Avourans, as for area, I''m open to suggestions.


----------



## avournas (Jun 18, 2003)

I believe the best area for flotilla sailing in Greece is the Ionian islands. You can find flotillas from Corfu, Lefkas and some other ports of the area too.
There are also many companies selling flotilla holidays there. Mainly British, Dutch and some Greeks.

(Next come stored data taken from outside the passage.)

(* Let $d=2$. Assume $\beta\ne0$, $|\sigma^{(1)}|\ne|\sigma^{(2)}|$, and for $\alpha=1,2$: $\eta^{(\alpha)}\ne0$, $\mathbf v^{(\alpha)}_\pm\not\equiv0$. Then for every $f\in[\widetilde f_{e,l},\widetilde f_{e,u}]$ we have $\widetilde{\mathcal E}^{(1)}_f\cap\widetilde{\mathcal E}^{(2)}_f\subseteq\mathcal F_{f,e}$.
   Context: Let $\Omega\subset\mathbb{R}^2$ be a bounded Lipschitz domain and let $\chi^{(1)}$ be the indicator function of a measurable subset of $\Omega$ ("phase 1"), $\chi^{(2)}=1-\chi^{(1)}$ ("phase 2"). Let $\sigma^{(\alpha)}=\sigma^{(\alpha)}_1+\mathrm{i}\sigma^{(\alpha)}_2$ ($\alpha=1,2$) be complex constants with $\sigma^{(\alpha)}_1>0$ and $\sigma^{(1)}\neq\sigma^{(2)}$, and $\sigma=\sigma^{(1)}\chi^{(1)}+\sigma^{(2)}\chi^{(2)}$. Let $V\in H^1(\Omega;\mathbb C)$ be a weak solution of $\nabla\cdot(\sigma\nabla V)=0$ in $\Omega$. Set $\mathbf E=-\nabla V=\mathbf E_1+\mathrm{i}\mathbf E_2$, $\mathbf J=\sigma\mathbf E=\mathbf J_1+\mathrm{i}\mathbf J_2$ (real parts/imaginary parts). $\langle u\rangle=|\Omega|^{-1}\int_\Omega u$; $f^{(1)}=\langle\chi^{(1)}\rangle\in(0,1)$. For $\alpha,m=1,2$: $\mathbf E^{(\alpha)}_m=\chi^{(\alpha)}\mathbf E_m$, $\mathbf e^{(\alpha)}_m=\langle\mathbf E^{(\alpha)}_m\rangle$, $\eta^{(\alpha)}=\langle\|\mathbf E^{(\alpha)}_1\|^2\rangle+\langle\|\mathbf E^{(\alpha)}_2\|^2\rangle$. $\beta=\sigma^{(1)}_1\sigma^{(2)}_2-\sigma^{(1)}_2\sigma^{(2)}_1$. With $\beta\ne0$ define $\gamma=(\sigma^{(1)}_1\sigma^{(2)}_1+\sigma^{(1)}_2\sigma^{(2)}_2)/\beta$, $\psi^{(1)}=|\sigma^{(2)}|^2/\beta$, $\psi^{(2)}=|\sigma^{(1)}|^2/\beta$, $\xi^{(1)}=(\sigma^{(2)}_2\langle\mathbf E_1\cdot\mathbf J_2\rangle+\sigma^{(2)}_1\langle\mathbf E_1\cdot\mathbf J_1\rangle)/\beta$, $\xi^{(2)}=(\sigma^{(1)}_2\langle\mathbf E_1\cdot\mathbf J_2\rangle+\sigma^{(1)}_1\langle\mathbf E_1\cdot\mathbf J_1\rangle)/\beta$. For $f\in(0,1)$ and $(x,y)\in\mathbb R^2$ define $$S^{(1)}_f(x,y)=\begin{bmatrix}x-\frac{\|\mathbf e^{(1)}_1\|^2}{f} & s_1\\ s_1 & -x+\eta^{(1)}-\frac{\|\mathbf e^{(1)}_2\|^2}{f}\end{bmatrix},\quad s_1=-\gamma x-\psi^{(1)}y+\xi^{(1)}-\frac{\mathbf e^{(1)}_1\cdot\mathbf e^{(1)}_2}{f},$$ $$S^{(2)}_f(x,y)=\begin{bmatrix}y-\frac{\|\mathbf e^{(2)}_1\|^2}{1-f} & s_2\\ s_2 & -y+\eta^{(2)}-\frac{\|\mathbf e^{(2)}_2\|^2}{1-f}\end{bmatrix},\quad s_2=\psi^{(2)} x+\gamma y-\xi^{(2)}-\frac{\mathbf e^{(2)}_1\cdot\mathbf e^{(2)}_2}{1-f},$$ and $p^{(\alpha)}_f=\det S^{(\alpha)}_f$. Let $R_\perp=\begin{bmatrix}0&1\\-1&0\end{bmatrix}$, $B^{(\alpha)}_{12}=\langle\mathbf E^{(\alpha)}_1\cdot R_\perp\mathbf E^{(\alpha)}_2\rangle$, $f_*=f$ if $\alpha=1$ and $f_*=1-f$ if $\alpha=2$, $\tau^{(\alpha)}_f=\big(B^{(\alpha)}_{12}-\frac{1}{f_*}\mathbf e^{(\alpha)}_1\cdot R_\perp\mathbf e^{(\alpha)}_2\big)^2$. Let $\mathbf v^{(\alpha)}_\pm=\mathbf E^{(\alpha)}_1\pm R_\perp\mathbf E^{(\alpha)}_2$, $\widetilde f_{e,l}=\max_\pm \|\langle\mathbf v^{(1)}_\pm\rangle\|^2/\langle\|\mathbf v^{(1)}_\pm\|^2\rangle$, $\widetilde f_{e,u}=\min_\pm\big(1-\|\langle\mathbf v^{(2)}_\pm\rangle\|^2/\langle\|\mathbf v^{(2)}_\pm\|^2\rangle\big)$. Define $\widetilde{\mathcal E}^{(\alpha)}_f=\{(x,y)\in\mathbb R^2:p^{(\alpha)}_f(x,y)\ge\tau^{(\alpha)}_f\}$ and the rectangle $\mathcal F_{f,e}=\{(x,y): \|\mathbf e^{(1)}_1\|^2/f\le x\le \eta^{(1)}-\|\mathbf e^{(1)}_2\|^2/f,\ \|\mathbf e^{(2)}_1\|^2/(1-f)\le y\le \eta^{(2)}-\|\mathbf e^{(2)}_2\|^2/(1-f)\}$. *)

theory Defs
  imports "HOL-Analysis.Analysis"
begin

type_synonym pt = "real^2"

definition lipschitz_domain :: "pt set \<Rightarrow> bool" where
  "lipschitz_domain \<Omega> \<longleftrightarrow> open \<Omega> \<and> connected \<Omega> \<and> \<Omega> \<noteq> {} \<and> bounded \<Omega> \<and>
     (\<forall>p\<in>frontier \<Omega>. \<exists>(Q::real^2^2) (g::real \<Rightarrow> real) L r h.
        orthogonal_matrix Q \<and> r > 0 \<and> h > 0 \<and> L-lipschitz_on UNIV g \<and> g 0 = 0 \<and>
        (\<forall>s t. \<bar>s\<bar> < r \<and> \<bar>t\<bar> < h \<longrightarrow>
            (p + Q *v vector [s, t] \<in> \<Omega> \<longleftrightarrow> g s < t)))"

primrec Ck :: "nat \<Rightarrow> (pt \<Rightarrow> real) \<Rightarrow> bool" where
  "Ck 0 f = continuous_on UNIV f"
| "Ck (Suc k) f = (continuous_on UNIV f \<and>
     (\<forall>i. \<exists>g. (\<forall>x. ((\<lambda>t. f (x + t *\<^sub>R axis i 1)) has_real_derivative g x) (at 0)) \<and> Ck k g))"

definition dpart :: "2 \<Rightarrow> (pt \<Rightarrow> real) \<Rightarrow> pt \<Rightarrow> real" where
  "dpart i \<phi> x = deriv (\<lambda>t. \<phi> (x + t *\<^sub>R axis i 1)) 0"

definition test_fn :: "pt set \<Rightarrow> (pt \<Rightarrow> real) \<Rightarrow> bool" where
  "test_fn \<Omega> \<phi> \<longleftrightarrow> (\<forall>k. Ck k \<phi>) \<and> compact (closure {x. \<phi> x \<noteq> 0})
      \<and> closure {x. \<phi> x \<noteq> 0} \<subseteq> \<Omega>"

definition L2_on :: "pt set \<Rightarrow> (pt \<Rightarrow> complex) \<Rightarrow> bool" where
  "L2_on \<Omega> u \<longleftrightarrow> set_borel_measurable lebesgue \<Omega> u \<and>
      set_integrable lebesgue \<Omega> (\<lambda>x. (cmod (u x))\<^sup>2)"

If you type "flotilla holidays greece" in google you will probably see them all.


----------



## gurteen (Aug 8, 2003)

if you are considering sailing in the ionian where activity holidays are based i would suggest you bareboat as the sailing is wonderful not too windy and you can from island to island eyeballing if you wish.
my reservation about flotillas and this applies to most of them is that you do not get much sailing in. they tend to leave late in the morning ,sail for two or three hours then rush into a harbour to get a mooring! come back for more info if you wish


----------



## TSOJOURNER (Dec 16, 1999)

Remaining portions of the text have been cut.